Saturday, 19 August 2017

Defending Lamarck

I think most proponents of cultural evolution acceot the idea that it has a Lamarckian component. I have writen about the topic before - e.g. see: On Lamarckism in cultural evolution. I know many critics accept the role of Lamarckian evolution in culture as well, since one of their refrains is that cultural evolution is not Darwinian, it is Lamarckian.

Lamarck's most famous doctrines these days are the inheritance of acquired characteristics, and the principle of use and disuse. Those are the ideas he is most criticised for holding these days. Textbook orthodoxy says that Darwin's ideas were vindicated while those of Lamarck were rejected. Experiments by August Weismann involving chopping the tails off while mice and observing whether this "acquird characteristic" was inherited are often cited inthis context. The so-caled "Weisman barrier" prevents "acquird characteristics" from finding their way into the DNA of the descendants.

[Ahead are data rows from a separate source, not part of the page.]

lemma simple_lattice_sup_distrib_trivial:
  fixes c :: "'a::bounded_lattice"
  assumes "simple_lattice TYPE('a)"
    and distrib: "\<And>x z. inf (sup x c) (sup z c) = sup (inf x z) c"
  shows "c = bot \<or> c = top"
proof -
  have "{(x, y). sup x c = sup y c} = Id \<or> {(x, y). sup x c = sup y c} = UNIV"
    using assms(1) lattice_congruence_sup_kernel[OF distrib] by (simp add: simple_lattice_def)
  then show ?thesis
  proof
    assume "{(x, y). sup x c = sup y c} = Id"
    then have "(bot, c) \<in> Id" by auto
    then show ?thesis by simp
  next
    assume "{(x, y). sup x c = sup y c} = UNIV"
    then have "sup bot c = sup top c" by blast
    then show ?thesis by simp
  qed
qed

lemma unary_polynomial_bot_top:
  fixes d :: "'a::{bounded_lattice,finite}"
  assumes "simple_lattice TYPE('a)" and "modular_lattice TYPE('a)"
    and "complemented_lattice TYPE('a)" and "d \<noteq> bot"
  shows "\<exists>r\<in>unary_polynomials. r bot = bot \<and> r d = top"
proof -
  define F where "F = {p \<in> unary_polynomials. p bot = (bot::'a)}"
  have "(\<lambda>_. bot) \<in> F" by (simp add: F_def unary_polynomials.const)
  moreover have "(\<lambda>x. sup (f x) (g x)) \<in> F" if "f \<in> F" "g \<in> F" for f g
    using that by (simp add: F_def unary_polynomials.join)
  moreover have "finite F" by simp
  ultimately obtain m where m: "m \<in> F" "\<And>x. m x = Sup_fin (insert bot ((\<lambda>f. f x) ` F))"
    using sup_closed_pointwise_Sup_fin[of F F] by blast
  have greatest: "p x \<le> m x" if "p \<in> F" for p x
    unfolding m(2) using that by (intro Sup_fin.coboundedI) auto
  have "inf (sup (m d) a) b \<le> m d" if "inf a b = bot" for a b
  proof -
    have "(\<lambda>x. inf (sup x a) b) \<in> unary_polynomials"
      by (intro unary_polynomials.intros)
    then have "(\<lambda>x. inf (sup (m x) a) b) \<in> F"
      using m(1) that unary_polynomials_comp by (auto simp: F_def)
    then show ?thesis by (rule greatest)
  qed
  then have "m d = bot \<or> m d = top"
    by (intro simple_lattice_sup_distrib_trivial assms(1) modular_complemented_sup_inf_distrib assms(2,3))
  moreover have "d \<le> m d"
    using greatest[of "\<lambda>x. x"] by (simp add: F_def unary_polynomials.ident)
  ultimately have "m d = top" using \<open>d \<noteq> bot\<close> by (auto simp: bot_unique)
  then show ?thesis using m(1) by (auto simp: F_def)
qed
(* For every integer $n\geq 1$, $$A_{2n}(p,q)=(1+p)A_{2n-1}(p,q)+(p+q)\sum_{i=1}^{n-1}\binom{2n-1}{2i-1}A_{2i-1}(p,q)A_{2n-2i}(p,q),$$ $$A_{2n+1}(p,q)=A_{2n}(p,q)+p\sum_{i=0}^{n-1}\binom{2n}{2i}A_{2i}(p,q)A_{2n-2i}(q,p)+q\sum_{i=1}^{n}\binom{2n}{2i-1}A_{2i-1}(p,q)A_{2n-2i+1}(p,q).$$
   Context: For a permutation $\pi=a_1a_2\cdots a_n$ of $[n]=\{1,\dots,n\}$, an index $i\in[n-1]$ is a descent if $a_i>a_{i+1}$. Let $\mathrm{odes}(\pi)$ (resp. $\mathrm{edes}(\pi)$) be the number of descents $i$ of $\pi$ with $i$ odd (resp. even). For $n\ge1$ the refined Eulerian polynomial is $A_n(p,q)=\sum_{\pi\in\mathfrak S_n}p^{\mathrm{odes}(\pi)}q^{\mathrm{edes}(\pi)}$, and $A_0(p,q)=1$. *)

theory Defs
  imports "HOL-Combinatorics.Multiset_Permutations"
begin

(* A permutation a_1 ... a_n of [n] is the list [a_1,...,a_n]; index i (1-based) is a descent
   iff a_i > a_{i+1}, i.e. xs!(i-1) > xs!i for 1 <= i < n. *)
definition descents :: "nat list \<Rightarrow> nat set" where
  "descents xs = {i \<in> {1..<length xs}. xs ! (i - 1) > xs ! i}"

definition odes :: "nat list \<Rightarrow> nat" where
  "odes xs = card {i \<in> descents xs. odd i}"

definition edes :: "nat list \<Rightarrow> nat" where
  "edes xs = card {i \<in> descents xs. even i}"

(* Refined Eulerian polynomial, evaluated in an arbitrary commutative ring; A 0 = 1 automatically
   since permutations_of_set {} = {[]}. *)
definition A :: "nat \<Rightarrow> 'a::comm_ring_1 \<Rightarrow> 'a \<Rightarrow> 'a" where
  "A n p q = (\<Sum>xs\<in>permutations_of_set {1..n}. p ^ odes xs * q ^ edes xs)"

end

theory Submission
  imports Defs
begin

text \<open>
  Give a permutation the weight $\prod_i w_i$ over its descents $i$, with $w_i = p$ for odd and
  $w_i = q$ for even $i$, and let $A_S(p,q)$ be the total weight of the permutations of a finite
  set $S$. Cutting a permutation of $S$ at its maximum $m$, as $\sigma\,m\,\tau$, its descents are
  those of $\sigma$, the position of $m$ (unless $\tau$ is empty), and those of $\tau$ shifted by
  $|\sigma| + 1$; the shift exchanges $p$ and $q$ when $|\sigma|$ is even. By induction on $|S|$
  this shows that $A_S$ depends only on $|S|$, and gives $A_{n+1}$ as a binomial convolution of
  smaller $A_j$. Splitting that convolution by the parity of $|\sigma|$ gives both identities,
  once $A_m(p,q) = A_m(q,p)$ is known for odd $m$: reverse-complementation is an involution on
  permutations of $[m]$ that moves descent $i$ to $m - i$, which has the other parity.
\<close>

lemma descents_subset: "descents xs \<subseteq> {1..<length xs}"
  by (auto simp: descents_def)

lemma finite_descents [simp]: "finite (descents xs)"
  using descents_subset by (rule finite_subset) simp

lemma descents_append:
  "descents (xs @ ys) = descents xs \<union> (\<lambda>i. i + length xs) ` descents ys
     \<union> (if xs \<noteq> [] \<and> ys \<noteq> [] \<and> last xs > hd ys then {length xs} else {})"
proof (rule set_eqI)
  fix i
  show "i \<in> descents (xs @ ys) \<longleftrightarrow> i \<in> descents xs \<union> (\<lambda>i. i + length xs) ` descents ys
     \<union> (if xs \<noteq> [] \<and> ys \<noteq> [] \<and> last xs > hd ys then {length xs} else {})"
  proof (cases i "length xs" rule: linorder_cases)
    case less
    then show ?thesis using descents_subset[of ys] by (force simp: descents_def nth_append)
  next
    case equal
    have "i \<notin> descents xs" "i \<notin> (\<lambda>i. i + length xs) ` descents ys"
      using equal descents_subset[of xs] descents_subset[of ys] by force+
    moreover have "i \<in> descents (xs @ ys) \<longleftrightarrow> xs \<noteq> [] \<and> ys \<noteq> [] \<and> last xs > hd ys"
    proof (cases "xs = []")
      case False
      then have "1 \<le> length xs" by (simp add: Suc_leI)
      then show ?thesis
        using equal False by (auto simp: descents_def nth_append last_conv_nth hd_conv_nth)
    qed (use equal in \<open>simp add: descents_def\<close>)
    ultimately show ?thesis using equal by auto
  next
    case greater
    define j where "j = i - length xs"
    have j: "i = j + length xs" "j \<ge> 1" using greater by (simp_all add: j_def)
    have "i \<notin> descents xs" using greater descents_subset[of xs] by force
    moreover have "i \<in> descents (xs @ ys) \<longleftrightarrow> j \<in> descents ys"
      using j by (auto simp: descents_def nth_append)
    ultimately show ?thesis using j by auto
  qed
qed

definition des_weight :: "'a::comm_ring_1 \<Rightarrow> 'a \<Rightarrow> nat list \<Rightarrow> 'a" where
  "des_weight p q xs = (\<Prod>i\<in>descents xs. if odd i then p else q)"

lemma power_odes_edes: "p ^ odes xs * q ^ edes xs = des_weight p q xs"
proof -
  have "des_weight p q xs
      = (\<Prod>i\<in>descents xs \<inter> {i. odd i}. p) * (\<Prod>i\<in>descents xs \<inter> - {i. odd i}. q)"
    unfolding des_weight_def by (rule prod.If_cases) simp
  also have "descents xs \<inter> {i. odd i} = {i \<in> descents xs. odd i}" by auto
  also have "descents xs \<inter> - {i. odd i} = {i \<in> descents xs. even i}" by auto
  finally show ?thesis by (simp add: odes_def edes_def)
qed

lemma des_weight_append:
  "des_weight p q (xs @ ys) = des_weight p q xs
     * (if xs \<noteq> [] \<and> ys \<noteq> [] \<and> last xs > hd ys then if odd (length xs) then p else q else 1)
     * (if even (length xs) then des_weight p q ys else des_weight q p ys)"
proof -
  let ?L = "length xs" and ?shift = "\<lambda>i. i + length xs"
  let ?J = "if xs \<noteq> [] \<and> ys \<noteq> [] \<and> last xs > hd ys then {?L} else {}"
  have "descents xs \<inter> ?shift ` descents ys = {}" "?L \<notin> descents xs \<union> ?shift ` descents ys"
    using descents_subset[of xs] descents_subset[of ys] by fastforce+
  then have disjoint: "descents xs \<inter> ?shift ` descents ys = {}"
      "(descents xs \<union> ?shift ` descents ys) \<inter> ?J = {}"
    by auto
  have "(\<Prod>i\<in>?shift ` descents ys. if odd i then p else q)
      = (\<Prod>i\<in>descents ys. if odd (i + ?L) then p else q)"
    by (simp add: prod.reindex)
  also have "\<dots> = (if even ?L then des_weight p q ys else des_weight q p ys)"
    by (auto simp: des_weight_def intro: prod.cong)
  finally show ?thesis
    unfolding des_weight_def[of _ _ "xs @ ys"] descents_append
    by (simp add: prod.union_disjoint disjoint des_weight_def)
qed

lemma sum_permutations_of_set_split:
  assumes "finite S" "m \<in> S"
  shows "(\<Sum>zs\<in>permutations_of_set S. g zs) = (\<Sum>T\<in>Pow (S - {m}).
           \<Sum>(xs, ys)\<in>permutations_of_set T \<times> permutations_of_set (S - {m} - T). g (xs @ m # ys))"
proof -
  let ?X = "S - {m}" and ?P = "\<lambda>x. x \<noteq> m"
  let ?split = "\<lambda>zs. (set (takeWhile ?P zs), takeWhile ?P zs, tl (dropWhile ?P zs))"
  have "(\<Sum>T\<in>Pow ?X. \<Sum>(xs, ys)\<in>permutations_of_set T \<times> permutations_of_set (?X - T).
           g (xs @ m # ys))
      = (\<Sum>(T, xs, ys)\<in>Sigma (Pow ?X) (\<lambda>T. permutations_of_set T \<times> permutations_of_set (?X - T)).
           g (xs @ m # ys))"
    by (rule sum.Sigma) (auto intro: finite_subset simp: assms(1) finite_permutations_of_set)
  also have "\<dots> = (\<Sum>zs\<in>permutations_of_set S. g zs)"
  proof (rule sum.reindex_bij_witness[where i = ?split and j = "\<lambda>(T, xs, ys). xs @ m # ys"])
    fix zs assume "zs \<in> permutations_of_set S"
    then have zs: "set zs = S" "distinct zs" by (auto simp: permutations_of_set_def)
    then have m: "m \<in> set zs" using assms(2) by simp
    have "dropWhile ?P zs \<noteq> []" using m by (simp add: dropWhile_eq_Nil_conv)
    moreover have "hd (dropWhile ?P zs) = m" using hd_dropWhile[OF calculation] by simp
    ultimately have "dropWhile ?P zs = m # tl (dropWhile ?P zs)" by (metis list.collapse)
    then have split: "takeWhile ?P zs @ m # tl (dropWhile ?P zs) = zs"
      by (metis takeWhile_dropWhile_id)
    then show "(\<lambda>(T, xs, ys). xs @ m # ys) (?split zs) = zs" by simp
    show "?split zs \<in> Sigma (Pow ?X) (\<lambda>T. permutations_of_set T \<times> permutations_of_set (?X - T))"
      using zs by (subst (asm) (1 2) split[symmetric]) (auto simp: permutations_of_set_def)
  next
    fix a assume "a \<in> Sigma (Pow ?X) (\<lambda>T. permutations_of_set T \<times> permutations_of_set (?X - T))"
    then obtain T xs ys where a: "a = (T, xs, ys)" "T \<subseteq> ?X" "set xs = T" "distinct xs"
        "set ys = ?X - T" "distinct ys"
      by (cases a) (auto simp: permutations_of_set_def)
    then have "m \<notin> set xs" by auto
    then show "?split ((\<lambda>(T, xs, ys). xs @ m # ys) a) = a"
      using a by (simp add: takeWhile_append dropWhile_append)
    show "(\<lambda>(T, xs, ys). xs @ m # ys) a \<in> permutations_of_set S"
      using a assms(2) by (auto simp: permutations_of_set_def)
  qed auto
  finally show ?thesis ..
qed

lemma sum_Pow_by_card:
  assumes "finite X"
  shows "(\<Sum>T\<in>Pow X. f (card T)) = (\<Sum>j\<le>card X. of_nat (card X choose j) * f j)"
proof -
  have "(\<Sum>T\<in>Pow X. f (card T)) = (\<Sum>j\<le>card X. \<Sum>T\<in>{T \<in> Pow X. card T = j}. f (card T))"
    by (rule sum.group[symmetric]) (use assms in \<open>auto intro: card_mono\<close>)
  also have "\<dots> = (\<Sum>j\<le>card X. of_nat (card X choose j) * f j)"
  proof (rule sum.cong[OF refl])
    fix j
    have "{T \<in> Pow X. card T = j} = {T. T \<subseteq> X \<and> card T = j}" by auto
    then have "card {T \<in> Pow X. card T = j} = card X choose j" by (simp add: n_subsets[OF assms])
    then show "(\<Sum>T\<in>{T \<in> Pow X. card T = j}. f (card T)) = of_nat (card X choose j) * f j"
      by simp
  qed
  finally show ?thesis .
qed

definition A_set :: "nat set \<Rightarrow> 'a::comm_ring_1 \<Rightarrow> 'a \<Rightarrow> 'a" where
  "A_set S p q = (\<Sum>xs\<in>permutations_of_set S. des_weight p q xs)"

lemma A_eq_A_set: "A n p q = A_set {1..n} p q"
  by (simp add: A_def A_set_def power_odes_edes)

lemma A_0 [simp]: "A 0 p q = 1"
  by (simp add: A_def odes_def edes_def descents_def)

lemma des_weight_append_Max:
  assumes "\<forall>x\<in>set xs. x < m" "\<forall>y\<in>set ys. y < m"
  shows "des_weight p q (xs @ m # ys) = des_weight p q xs
     * (if ys = [] then 1 else if even (length xs) then p else q)
     * (if odd (length xs) then des_weight p q ys else des_weight q p ys)"
proof -
  have "des_weight p q [m] = 1" "des_weight q p [m] = 1"
    by (simp_all add: des_weight_def descents_def)
  moreover have "xs \<noteq> [] \<Longrightarrow> last xs < m" using assms(1) by simp
  ultimately have "des_weight p q (xs @ [m]) = des_weight p q xs"
    using des_weight_append[of p q xs "[m]"] by auto
  then show ?thesis
    using assms(2) des_weight_append[of p q "xs @ [m]" ys] by (simp add: hd_in_set)
qed

lemma A_set_split_Max:
  assumes "finite S" "S \<noteq> {}"
  defines "X \<equiv> S - {Max S}"
  shows "A_set S p q = (\<Sum>T\<in>Pow X. A_set T p q
     * (if T = X then 1 else if even (card T) then p else q)
     * (if odd (card T) then A_set (X - T) p q else A_set (X - T) q p))" (is "_ = ?rhs")
proof -
  have Max: "Max S \<in> S" "\<forall>x\<in>X. x < Max S"
    using assms by (auto simp: X_def le_neq_implies_less)
  have "A_set S p q = (\<Sum>T\<in>Pow X. \<Sum>(xs, ys)\<in>permutations_of_set T \<times> permutations_of_set (X - T).
           des_weight p q (xs @ Max S # ys))"
    unfolding A_set_def X_def by (rule sum_permutations_of_set_split[OF assms(1) Max(1)])
  also have "\<dots> = (\<Sum>T\<in>Pow X. \<Sum>(xs, ys)\<in>permutations_of_set T \<times> permutations_of_set (X - T).
           des_weight p q xs * (if T = X then 1 else if even (card T) then p else q)
           * (if odd (card T) then des_weight p q ys else des_weight q p ys))"
  proof (intro sum.cong refl, clarify)
    fix T xs ys
    assume "T \<subseteq> X" "xs \<in> permutations_of_set T" "ys \<in> permutations_of_set (X - T)"
    then have "length xs = card T" "ys = [] \<longleftrightarrow> T = X"
        "\<forall>x\<in>set xs. x < Max S" "\<forall>y\<in>set ys. y < Max S"
      using Max(2) by (auto simp: permutations_of_set_def distinct_card)
    then show "des_weight p q (xs @ Max S # ys) = des_weight p q xs
        * (if T = X then 1 else if even (card T) then p else q)
        * (if odd (card T) then des_weight p q ys else des_weight q p ys)"
      by (simp add: des_weight_append_Max)
  qed
  also have "\<dots> = ?rhs"
  proof (intro sum.cong refl)
    fix T
    let ?c = "if T = X then 1 else if even (card T) then p else q"
    let ?w = "if odd (card T) then des_weight p q else des_weight q p"
    have "(\<Sum>(xs, ys)\<in>permutations_of_set T \<times> permutations_of_set (X - T).
            des_weight p q xs * ?c * (if odd (card T) then des_weight p q ys else des_weight q p ys))
        = (\<Sum>xs\<in>permutations_of_set T. des_weight p q xs * ?c)
          * (\<Sum>ys\<in>permutations_of_set (X - T). ?w ys)"
      by (simp add: sum_product sum.cartesian_product)
    then show "(\<Sum>(xs, ys)\<in>permutations_of_set T \<times> permutations_of_set (X - T).
            des_weight p q xs * ?c * (if odd (card T) then des_weight p q ys else des_weight q p ys))
        = A_set T p q * ?c * (if odd (card T) then A_set (X - T) p q else A_set (X - T) q p)"
      by (simp add: A_set_def sum_distrib_right)
  qed
  finally show ?thesis .
qed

The problem with this is that other traits are inherited. If Weismann had chosen to focus on other traits - such as stress, food preferences or parasite load - he would have found that there was an inherited component. Human examples show the inherited of acquired characteristics most clearly. Jews inherit their missing foreskins from their parents. Tattooed individuals have tattooed offspring. Piercings are inherited. Foot binding, tongue plates, extended necks are all passed down the generations. The inheritance is cultural, not genetic, but Lamarck never confined his views to particular inheritance mechanisms. These were, generally speaking, not known in his day.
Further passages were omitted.